[[ Data extract open ]]

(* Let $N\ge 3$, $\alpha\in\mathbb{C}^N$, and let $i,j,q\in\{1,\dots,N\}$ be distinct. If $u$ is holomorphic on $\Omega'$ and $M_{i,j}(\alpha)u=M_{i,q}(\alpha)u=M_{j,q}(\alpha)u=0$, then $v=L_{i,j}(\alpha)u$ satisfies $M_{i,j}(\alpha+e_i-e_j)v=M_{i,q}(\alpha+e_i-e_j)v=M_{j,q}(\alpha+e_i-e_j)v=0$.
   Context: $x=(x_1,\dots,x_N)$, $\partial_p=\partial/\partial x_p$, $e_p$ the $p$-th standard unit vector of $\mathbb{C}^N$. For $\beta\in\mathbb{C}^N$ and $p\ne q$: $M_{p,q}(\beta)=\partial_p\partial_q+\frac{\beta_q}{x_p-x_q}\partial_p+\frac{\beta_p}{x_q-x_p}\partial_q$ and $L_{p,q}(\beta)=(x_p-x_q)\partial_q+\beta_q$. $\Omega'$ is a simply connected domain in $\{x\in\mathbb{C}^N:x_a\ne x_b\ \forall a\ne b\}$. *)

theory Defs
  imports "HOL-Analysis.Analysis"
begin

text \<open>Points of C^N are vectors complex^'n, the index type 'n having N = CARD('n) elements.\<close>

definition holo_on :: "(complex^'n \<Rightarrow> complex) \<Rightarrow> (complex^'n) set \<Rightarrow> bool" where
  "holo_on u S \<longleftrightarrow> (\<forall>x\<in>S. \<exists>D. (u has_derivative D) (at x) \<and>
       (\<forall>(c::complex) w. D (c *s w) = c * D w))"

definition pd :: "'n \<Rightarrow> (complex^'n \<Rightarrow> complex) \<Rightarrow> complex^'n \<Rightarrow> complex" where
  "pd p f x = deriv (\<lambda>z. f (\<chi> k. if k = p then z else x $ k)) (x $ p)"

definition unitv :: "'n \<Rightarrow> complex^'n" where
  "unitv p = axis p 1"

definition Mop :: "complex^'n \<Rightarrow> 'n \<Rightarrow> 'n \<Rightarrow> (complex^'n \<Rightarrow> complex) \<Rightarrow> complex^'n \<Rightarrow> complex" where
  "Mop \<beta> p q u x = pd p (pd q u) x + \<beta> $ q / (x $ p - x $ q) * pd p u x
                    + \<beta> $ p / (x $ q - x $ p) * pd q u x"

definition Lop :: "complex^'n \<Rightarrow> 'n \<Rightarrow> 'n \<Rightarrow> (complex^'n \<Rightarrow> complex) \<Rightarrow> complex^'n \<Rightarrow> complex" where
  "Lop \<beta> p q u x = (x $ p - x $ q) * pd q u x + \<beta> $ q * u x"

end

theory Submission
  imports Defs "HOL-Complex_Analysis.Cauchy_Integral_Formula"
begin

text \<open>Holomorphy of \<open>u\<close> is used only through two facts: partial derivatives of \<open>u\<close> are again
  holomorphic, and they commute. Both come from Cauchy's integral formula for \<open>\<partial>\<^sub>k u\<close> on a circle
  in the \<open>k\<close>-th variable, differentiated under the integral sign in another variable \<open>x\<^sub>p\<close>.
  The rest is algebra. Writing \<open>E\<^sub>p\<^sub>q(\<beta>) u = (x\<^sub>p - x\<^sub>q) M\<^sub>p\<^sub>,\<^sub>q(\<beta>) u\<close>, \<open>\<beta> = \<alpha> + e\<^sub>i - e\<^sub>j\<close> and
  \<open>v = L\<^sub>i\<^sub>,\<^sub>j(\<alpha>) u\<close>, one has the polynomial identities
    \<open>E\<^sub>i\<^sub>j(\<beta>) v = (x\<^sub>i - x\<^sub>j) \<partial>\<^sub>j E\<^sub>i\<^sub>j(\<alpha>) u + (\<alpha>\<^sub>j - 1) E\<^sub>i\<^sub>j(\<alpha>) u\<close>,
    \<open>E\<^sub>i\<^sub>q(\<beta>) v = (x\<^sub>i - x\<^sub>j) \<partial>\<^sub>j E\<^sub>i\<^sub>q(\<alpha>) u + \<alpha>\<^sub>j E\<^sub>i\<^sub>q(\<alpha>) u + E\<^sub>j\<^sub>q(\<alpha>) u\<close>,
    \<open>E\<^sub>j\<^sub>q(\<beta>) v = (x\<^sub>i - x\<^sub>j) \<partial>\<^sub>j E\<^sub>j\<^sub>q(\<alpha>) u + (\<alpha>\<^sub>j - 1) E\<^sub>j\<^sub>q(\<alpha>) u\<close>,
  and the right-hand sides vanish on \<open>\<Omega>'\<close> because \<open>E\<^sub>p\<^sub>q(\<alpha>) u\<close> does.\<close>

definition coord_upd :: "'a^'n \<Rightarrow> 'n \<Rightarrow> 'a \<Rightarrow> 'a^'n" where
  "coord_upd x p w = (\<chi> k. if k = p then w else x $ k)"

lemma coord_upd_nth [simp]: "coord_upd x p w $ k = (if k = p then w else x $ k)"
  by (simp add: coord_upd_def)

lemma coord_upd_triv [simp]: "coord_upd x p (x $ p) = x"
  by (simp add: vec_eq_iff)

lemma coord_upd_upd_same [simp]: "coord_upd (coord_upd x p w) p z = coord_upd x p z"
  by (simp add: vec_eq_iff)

[[ Data extract closed ]]
[[ Data extract open ]]

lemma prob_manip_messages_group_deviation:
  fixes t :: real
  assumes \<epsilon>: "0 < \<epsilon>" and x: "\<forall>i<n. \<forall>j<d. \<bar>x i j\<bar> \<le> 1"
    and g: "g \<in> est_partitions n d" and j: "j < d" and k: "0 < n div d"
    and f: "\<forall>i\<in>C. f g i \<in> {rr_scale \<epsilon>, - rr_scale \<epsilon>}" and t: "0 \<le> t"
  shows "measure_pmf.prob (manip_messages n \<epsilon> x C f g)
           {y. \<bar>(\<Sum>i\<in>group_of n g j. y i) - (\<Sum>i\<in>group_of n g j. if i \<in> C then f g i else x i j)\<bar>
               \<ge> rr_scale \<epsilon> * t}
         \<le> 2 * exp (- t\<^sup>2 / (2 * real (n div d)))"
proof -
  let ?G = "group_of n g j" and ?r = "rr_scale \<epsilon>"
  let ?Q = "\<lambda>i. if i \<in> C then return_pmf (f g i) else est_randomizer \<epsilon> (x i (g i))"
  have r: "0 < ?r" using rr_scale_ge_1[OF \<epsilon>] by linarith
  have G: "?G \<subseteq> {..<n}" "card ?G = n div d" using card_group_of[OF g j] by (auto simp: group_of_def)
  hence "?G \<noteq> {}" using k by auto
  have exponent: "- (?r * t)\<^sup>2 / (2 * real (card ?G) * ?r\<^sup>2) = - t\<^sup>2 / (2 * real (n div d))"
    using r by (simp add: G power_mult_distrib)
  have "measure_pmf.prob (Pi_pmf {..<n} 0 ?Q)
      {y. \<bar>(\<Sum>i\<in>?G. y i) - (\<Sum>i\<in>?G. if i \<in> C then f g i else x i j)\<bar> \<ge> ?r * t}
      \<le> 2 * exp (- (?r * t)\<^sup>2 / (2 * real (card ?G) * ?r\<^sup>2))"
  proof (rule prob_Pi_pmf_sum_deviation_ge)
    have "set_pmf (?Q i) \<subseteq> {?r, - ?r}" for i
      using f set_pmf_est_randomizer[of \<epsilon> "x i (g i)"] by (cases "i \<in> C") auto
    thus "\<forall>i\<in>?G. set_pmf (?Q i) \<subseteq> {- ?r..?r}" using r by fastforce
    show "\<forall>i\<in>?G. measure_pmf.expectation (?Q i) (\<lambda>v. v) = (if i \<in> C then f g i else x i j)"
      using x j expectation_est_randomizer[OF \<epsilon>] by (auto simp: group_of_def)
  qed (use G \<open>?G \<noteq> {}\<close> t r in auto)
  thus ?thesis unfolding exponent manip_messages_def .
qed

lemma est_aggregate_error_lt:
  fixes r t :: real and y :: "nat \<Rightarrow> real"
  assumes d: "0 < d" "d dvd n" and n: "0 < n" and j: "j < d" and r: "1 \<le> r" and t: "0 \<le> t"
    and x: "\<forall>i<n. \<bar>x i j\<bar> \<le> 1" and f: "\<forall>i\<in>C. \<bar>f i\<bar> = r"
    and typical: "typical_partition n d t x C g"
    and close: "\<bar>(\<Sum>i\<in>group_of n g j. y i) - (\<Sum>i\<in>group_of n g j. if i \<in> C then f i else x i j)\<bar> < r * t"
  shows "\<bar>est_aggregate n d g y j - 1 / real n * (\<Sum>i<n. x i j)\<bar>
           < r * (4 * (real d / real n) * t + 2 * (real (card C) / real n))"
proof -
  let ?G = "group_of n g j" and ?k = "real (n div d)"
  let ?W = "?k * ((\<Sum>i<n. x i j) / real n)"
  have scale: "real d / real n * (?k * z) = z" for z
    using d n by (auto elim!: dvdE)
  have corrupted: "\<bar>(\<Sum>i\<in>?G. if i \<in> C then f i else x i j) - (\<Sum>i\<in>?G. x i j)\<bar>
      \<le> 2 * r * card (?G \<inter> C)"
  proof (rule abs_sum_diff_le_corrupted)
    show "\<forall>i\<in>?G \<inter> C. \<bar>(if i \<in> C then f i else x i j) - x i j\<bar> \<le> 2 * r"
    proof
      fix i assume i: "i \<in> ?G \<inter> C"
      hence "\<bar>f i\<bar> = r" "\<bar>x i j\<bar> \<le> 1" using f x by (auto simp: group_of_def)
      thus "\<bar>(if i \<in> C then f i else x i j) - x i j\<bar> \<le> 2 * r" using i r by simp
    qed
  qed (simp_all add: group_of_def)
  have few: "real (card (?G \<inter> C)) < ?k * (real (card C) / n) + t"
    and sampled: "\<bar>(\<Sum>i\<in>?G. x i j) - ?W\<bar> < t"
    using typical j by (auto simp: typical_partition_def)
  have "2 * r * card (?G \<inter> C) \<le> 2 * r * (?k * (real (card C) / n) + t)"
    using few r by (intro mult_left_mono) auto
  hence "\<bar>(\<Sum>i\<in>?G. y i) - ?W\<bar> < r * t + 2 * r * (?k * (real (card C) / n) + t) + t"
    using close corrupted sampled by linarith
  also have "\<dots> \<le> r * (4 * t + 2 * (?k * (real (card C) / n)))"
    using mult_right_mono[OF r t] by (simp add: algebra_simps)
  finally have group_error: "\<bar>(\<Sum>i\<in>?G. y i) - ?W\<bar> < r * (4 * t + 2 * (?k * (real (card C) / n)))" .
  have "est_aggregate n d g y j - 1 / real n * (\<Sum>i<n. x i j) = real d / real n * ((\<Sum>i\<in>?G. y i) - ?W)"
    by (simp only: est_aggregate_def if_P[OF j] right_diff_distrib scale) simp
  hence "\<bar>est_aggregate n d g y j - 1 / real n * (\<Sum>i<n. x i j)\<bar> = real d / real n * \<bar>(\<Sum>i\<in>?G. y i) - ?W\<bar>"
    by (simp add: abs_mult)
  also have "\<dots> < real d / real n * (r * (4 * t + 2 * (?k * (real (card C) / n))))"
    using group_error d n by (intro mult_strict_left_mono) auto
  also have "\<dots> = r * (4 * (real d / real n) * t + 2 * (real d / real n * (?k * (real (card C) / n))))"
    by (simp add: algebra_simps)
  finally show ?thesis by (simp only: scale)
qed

[[ Data extract closed ]]
[[ Data extract open ]]

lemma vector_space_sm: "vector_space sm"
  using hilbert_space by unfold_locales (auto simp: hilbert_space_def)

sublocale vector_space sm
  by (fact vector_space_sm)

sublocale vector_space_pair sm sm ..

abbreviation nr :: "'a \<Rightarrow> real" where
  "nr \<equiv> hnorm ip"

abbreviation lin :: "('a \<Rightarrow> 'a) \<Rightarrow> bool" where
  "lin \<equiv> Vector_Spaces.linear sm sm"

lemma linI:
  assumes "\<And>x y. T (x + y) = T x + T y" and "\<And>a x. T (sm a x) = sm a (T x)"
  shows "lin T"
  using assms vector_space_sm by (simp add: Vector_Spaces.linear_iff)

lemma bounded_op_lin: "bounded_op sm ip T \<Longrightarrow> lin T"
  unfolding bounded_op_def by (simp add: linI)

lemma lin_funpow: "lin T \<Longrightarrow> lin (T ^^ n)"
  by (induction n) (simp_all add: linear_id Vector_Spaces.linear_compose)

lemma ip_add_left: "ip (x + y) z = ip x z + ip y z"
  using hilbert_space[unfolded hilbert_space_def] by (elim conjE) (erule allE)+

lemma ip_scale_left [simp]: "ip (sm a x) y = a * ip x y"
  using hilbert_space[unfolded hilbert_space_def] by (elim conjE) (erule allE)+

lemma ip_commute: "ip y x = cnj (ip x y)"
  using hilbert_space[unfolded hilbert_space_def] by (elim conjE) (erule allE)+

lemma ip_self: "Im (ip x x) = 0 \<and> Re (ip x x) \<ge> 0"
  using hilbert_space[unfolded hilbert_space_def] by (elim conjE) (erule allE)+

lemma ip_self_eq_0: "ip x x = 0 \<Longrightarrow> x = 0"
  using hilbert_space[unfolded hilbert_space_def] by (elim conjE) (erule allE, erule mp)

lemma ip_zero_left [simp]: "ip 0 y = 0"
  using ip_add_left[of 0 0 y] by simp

[[ Data extract closed ]]

● **Work request**
The answer must consist of each line from the entries that contains the string "sampled".

● **Answer for the task**
    and sampled: "\<bar>(\<Sum>i\<in>?G. x i j) - ?W\<bar> < t"
    using close corrupted sampled by linarith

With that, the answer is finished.